## Prompt
When you reach the line that contains "using assms by (auto" in the data below, start reproducing lines exactly, and stop after the line that contains "using assms seq_validD[OF".

(Stored items)
Start of Block

(* Let $(X_t)$ be a time-homogeneous Markov chain (random walk) on a countable set of sites. Let $S$ be a finite set of occupied sites, let $0$ be a source site, and assume that from any site the walk a.s. eventually leaves any finite set. Let $x\ne y$ be sites not in $S$. Consider the following two procedures. Sequential: particle 1 starts at $0$ and walks until it first visits a site outside $S$, where it sticks. Then particle 2 starts at $0$ and walks until it first visits a site outside the enlarged cluster, where it sticks. Simultaneous: both particles start at $0$ and take steps synchronously, independently. Each particle sticks at the first site it visits that is unoccupied at that moment, and a stuck particle's site becomes occupied immediately. If both particles first reach the same unoccupied site at the same time, particle 1 sticks there and particle 2 continues. Then the probability that the final cluster equals $S\cup\{x,y\}$ is the same under both procedures. Consequently the two procedures yield the same probability distribution of final clusters. *)

theory Defs
  imports "HOL-Probability.Probability"
begin

text \<open>A time-homogeneous Markov chain on a countable site type 'a is given by
its transition kernel K :: 'a => 'a pmf.\<close>

fun path_weight :: "('a \<Rightarrow> 'a pmf) \<Rightarrow> 'a list \<Rightarrow> ennreal" where
  "path_weight K [] = 1"
| "path_weight K [z] = 1"
| "path_weight K (z # z' # zs) = ennreal (pmf (K z) z') * path_weight K (z' # zs)"

definition first_exit_path :: "'a set \<Rightarrow> 'a \<Rightarrow> 'a list \<Rightarrow> bool" where
  "first_exit_path A z p \<longleftrightarrow> p \<noteq> [] \<and> hd p = z \<and> last p \<notin> A \<and>
      (\<forall>i < length p - 1. p ! i \<in> A)"

definition exit_prob :: "('a \<Rightarrow> 'a pmf) \<Rightarrow> 'a set \<Rightarrow> 'a \<Rightarrow> ennreal" where
  "exit_prob K A z = (\<Sum>\<^sub>\<infinity> p \<in> {p. first_exit_path A z p}. path_weight K p)"

definition seq_valid :: "'a set \<Rightarrow> 'a \<Rightarrow> 'a list \<Rightarrow> 'a list \<Rightarrow> bool" where
  "seq_valid S s0 p1 p2 \<longleftrightarrow>
     first_exit_path S s0 p1 \<and> first_exit_path (S \<union> {last p1}) s0 p2"

definition seq_prob :: "('a \<Rightarrow> 'a pmf) \<Rightarrow> 'a set \<Rightarrow> 'a \<Rightarrow> 'a set \<Rightarrow> ennreal" where
  "seq_prob K S s0 C =
     (\<Sum>\<^sub>\<infinity> (p1, p2) \<in> {(p1, p2). seq_valid S s0 p1 p2 \<and> S \<union> {last p1, last p2} = C}.
        path_weight K p1 * path_weight K p2)"

text \<open>Simultaneous procedure: both particles start at s0 and move synchronously and
independently; particle i is stuck at time Ti = length pi - 1.  At time t,
particle 1 sees as occupied S together with particle 2's site if particle 2 stuck
strictly before t; particle 2 sees S together with particle 1's site if particle 1
stuck at time \<le> t (ties at the same site are won by particle 1).\<close>

definition occ1 :: "'a set \<Rightarrow> 'a list \<Rightarrow> nat \<Rightarrow> 'a set" where
  "occ1 S p2 t = S \<union> (if length p2 - 1 < t then {last p2} else {})"

definition occ2 :: "'a set \<Rightarrow> 'a list \<Rightarrow> nat \<Rightarrow> 'a set" where
  "occ2 S p1 t = S \<union> (if length p1 - 1 \<le> t then {last p1} else {})"

definition sim_valid :: "'a set \<Rightarrow> 'a \<Rightarrow> 'a list \<Rightarrow> 'a list \<Rightarrow> bool" where
  "sim_valid S s0 p1 p2 \<longleftrightarrow>
     p1 \<noteq> [] \<and> p2 \<noteq> [] \<and> hd p1 = s0 \<and> hd p2 = s0 \<and>
     (\<forall>t < length p1 - 1. p1 ! t \<in> occ1 S p2 t) \<and> last p1 \<notin> occ1 S p2 (length p1 - 1) \<and>
     (\<forall>t < length p2 - 1. p2 ! t \<in> occ2 S p1 t) \<and> last p2 \<notin> occ2 S p1 (length p2 - 1)"

definition sim_prob :: "('a \<Rightarrow> 'a pmf) \<Rightarrow> 'a set \<Rightarrow> 'a \<Rightarrow> 'a set \<Rightarrow> ennreal" where
  "sim_prob K S s0 C =
     (\<Sum>\<^sub>\<infinity> (p1, p2) \<in> {(p1, p2). sim_valid S s0 p1 p2 \<and> S \<union> {last p1, last p2} = C}.
        path_weight K p1 * path_weight K p2)"

end

theory Submission
  imports Defs
begin

text \<open>Both probabilities are sums of path weights over pairs of stopped trajectories, so it
suffices to exhibit a bijection between sequential and simultaneous pairs that preserves the
weight and the set of sticking sites.  Most pairs are valid for both procedures and are mapped to
themselves.  The exception is a sequential pair in which particle 2 leaves S at the final site a of
particle 1 at a time k earlier than the time T1 at which particle 1 arrived there.  Run
simultaneously, particle 2 sticks at a at time k, and particle 1, finding a occupied at time T1,
continues along particle 2's sequential continuation.  Path weights factor at a common site (the
Markov property), so this exchange of tails preserves the weight, and the same exchange undoes
it.\<close>

definition exit_time :: "'a set \<Rightarrow> 'a list \<Rightarrow> nat" where
  "exit_time A p = (LEAST i. p ! i \<notin> A)"

lemma exit_time_le: "p ! i \<notin> A \<Longrightarrow> exit_time A p \<le> i"
  unfolding exit_time_def by (rule Least_le)

lemma nth_exit_time_notin: "p ! i \<notin> A \<Longrightarrow> p ! exit_time A p \<notin> A"
  unfolding exit_time_def by (rule LeastI)

lemma nth_less_exit_time: "j < exit_time A p \<Longrightarrow> p ! j \<in> A"
  unfolding exit_time_def using not_less_Least by blast

lemma exit_time_eqI: "p ! k \<notin> A \<Longrightarrow> (\<And>j. j < k \<Longrightarrow> p ! j \<in> A) \<Longrightarrow> exit_time A p = k"
  unfolding exit_time_def by (metis (mono_tags, lifting) Least_equality not_less)

lemma exit_time_less_length:
  assumes "p \<noteq> []" "last p \<notin> A"
  shows "exit_time A p < length p"
proof -
  have "exit_time A p \<le> length p - 1"
    using assms by (intro exit_time_le) (simp add: last_conv_nth)
  then show ?thesis
    using assms(1) by (simp add: less_Suc_eq_le flip: length_greater_0_conv)
qed

lemma exit_time_first_exit_path:
  "first_exit_path A z p \<Longrightarrow> exit_time A p = length p - 1"
  unfolding first_exit_path_def by (intro exit_time_eqI) (auto simp: last_conv_nth)

lemma path_weight_append:
  "path_weight K (xs @ z # ys) = path_weight K (xs @ [z]) * path_weight K (z # ys)"
  by (induction K xs rule: path_weight.induct) (simp_all add: mult.assoc)

text \<open>Intended for w ! j = last u: the two trajectories then meet at that site and exchange their
futures from there.\<close>

definition graft :: "'a list \<Rightarrow> 'a list \<Rightarrow> nat \<Rightarrow> 'a list \<times> 'a list" where
  "graft u w j = (u @ drop (Suc j) w, take (Suc j) w)"

lemma graft_conv_butlast:
  assumes "u \<noteq> []" "j < length w" "w ! j = last u"
  shows "graft u w j = (butlast u @ drop j w, take j w @ [last u])"
proof -
  have "drop j w = last u # drop (Suc j) w"
    using assms by (metis Cons_nth_drop_Suc)
  then show ?thesis
    using assms by (simp add: graft_def take_Suc_conv_app_nth)
qed

lemma path_weight_graft:
  assumes "u \<noteq> []" "j < length w" "w ! j = last u"
  shows "path_weight K (fst (graft u w j)) * path_weight K (snd (graft u w j))
           = path_weight K u * path_weight K w"
proof -
  have w: "w = take j w @ last u # drop (Suc j) w"
    using assms by (metis Cons_nth_drop_Suc append_take_drop_id)
  have "path_weight K (butlast u @ drop j w) = path_weight K u * path_weight K (last u # drop (Suc j) w)"
    using assms path_weight_append[of K "butlast u" "last u"]
    by (simp flip: Cons_nth_drop_Suc)
  moreover have "path_weight K w = path_weight K (take j w @ [last u]) * path_weight K (last u # drop (Suc j) w)"
    by (subst w) (rule path_weight_append)
  ultimately show ?thesis
    using assms by (simp add: graft_conv_butlast mult_ac)
qed

lemma graft_lasts:
  assumes "u \<noteq> []" "j < length w" "w ! j = last u"
  shows "{last (fst (graft u w j)), last (snd (graft u w j))} = {last u, last w}"
proof -
  have "last (take (Suc j) w) = last u"
    using assms by (simp add: take_Suc_conv_app_nth)
  moreover have "last (u @ drop (Suc j) w) = (if Suc j < length w then last w else last u)"
    using assms by (simp add: last_append)
  moreover have "last w = last u" if "\<not> Suc j < length w"
  proof -
    have "j = length w - 1"
      using assms(2) that by linarith
    then show ?thesis
      using assms(2,3) by (metis last_conv_nth length_0_conv less_nat_zero_code)
  qed
  ultimately show ?thesis
    by (auto simp: graft_def)
qed

lemma graft_graft:
  assumes "u \<noteq> []"
  shows "graft (snd (graft u w j)) (fst (graft u w j)) (length u - 1) = (w, u)"
  using assms by (simp add: graft_def)

lemma seq_validD:
  assumes "seq_valid S s0 p1 p2"
  shows "p1 \<noteq> []" "hd p1 = s0" "last p1 \<notin> S" "\<And>i. i < length p1 - 1 \<Longrightarrow> p1 ! i \<in> S"
    and "p2 \<noteq> []" "hd p2 = s0" "last p2 \<notin> insert (last p1) S"
      "\<And>i. i < length p2 - 1 \<Longrightarrow> p2 ! i \<in> insert (last p1) S"
  using assms by (auto simp: seq_valid_def first_exit_path_def)

definition seq_graftable :: "'a set \<Rightarrow> 'a list \<Rightarrow> 'a list \<Rightarrow> bool" where
  "seq_graftable S p1 p2 \<longleftrightarrow> exit_time S p2 < length p1 - 1 \<and> p2 ! exit_time S p2 = last p1"

definition sim_graftable :: "'a set \<Rightarrow> 'a list \<Rightarrow> 'a list \<Rightarrow> bool" where
  "sim_graftable S q1 q2 \<longleftrightarrow> length q2 - 1 < length q1 - 1 \<and> q1 ! exit_time S q1 = last q2"

lemma seq_graftableD:
  assumes "seq_valid S s0 p1 p2" "seq_graftable S p1 p2"
  shows "p1 \<noteq> []" "exit_time S p2 < length p2" "p2 ! exit_time S p2 = last p1"
  using assms seq_validD[OF assms(1)] exit_time_less_length[of p2 S]
  by (auto simp: seq_graftable_def)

End of Block

## Solution for this exercise
  using assms by (auto simp: seq_valid_def first_exit_path_def)

definition seq_graftable :: "'a set \<Rightarrow> 'a list \<Rightarrow> 'a list \<Rightarrow> bool" where
  "seq_graftable S p1 p2 \<longleftrightarrow> exit_time S p2 < length p1 - 1 \<and> p2 ! exit_time S p2 = last p1"

definition sim_graftable :: "'a set \<Rightarrow> 'a list \<Rightarrow> 'a list \<Rightarrow> bool" where
  "sim_graftable S q1 q2 \<longleftrightarrow> length q2 - 1 < length q1 - 1 \<and> q1 ! exit_time S q1 = last q2"

lemma seq_graftableD:
  assumes "seq_valid S s0 p1 p2" "seq_graftable S p1 p2"
  shows "p1 \<noteq> []" "exit_time S p2 < length p2" "p2 ! exit_time S p2 = last p1"
  using assms seq_validD[OF assms(1)] exit_time_less_length[of p2 S]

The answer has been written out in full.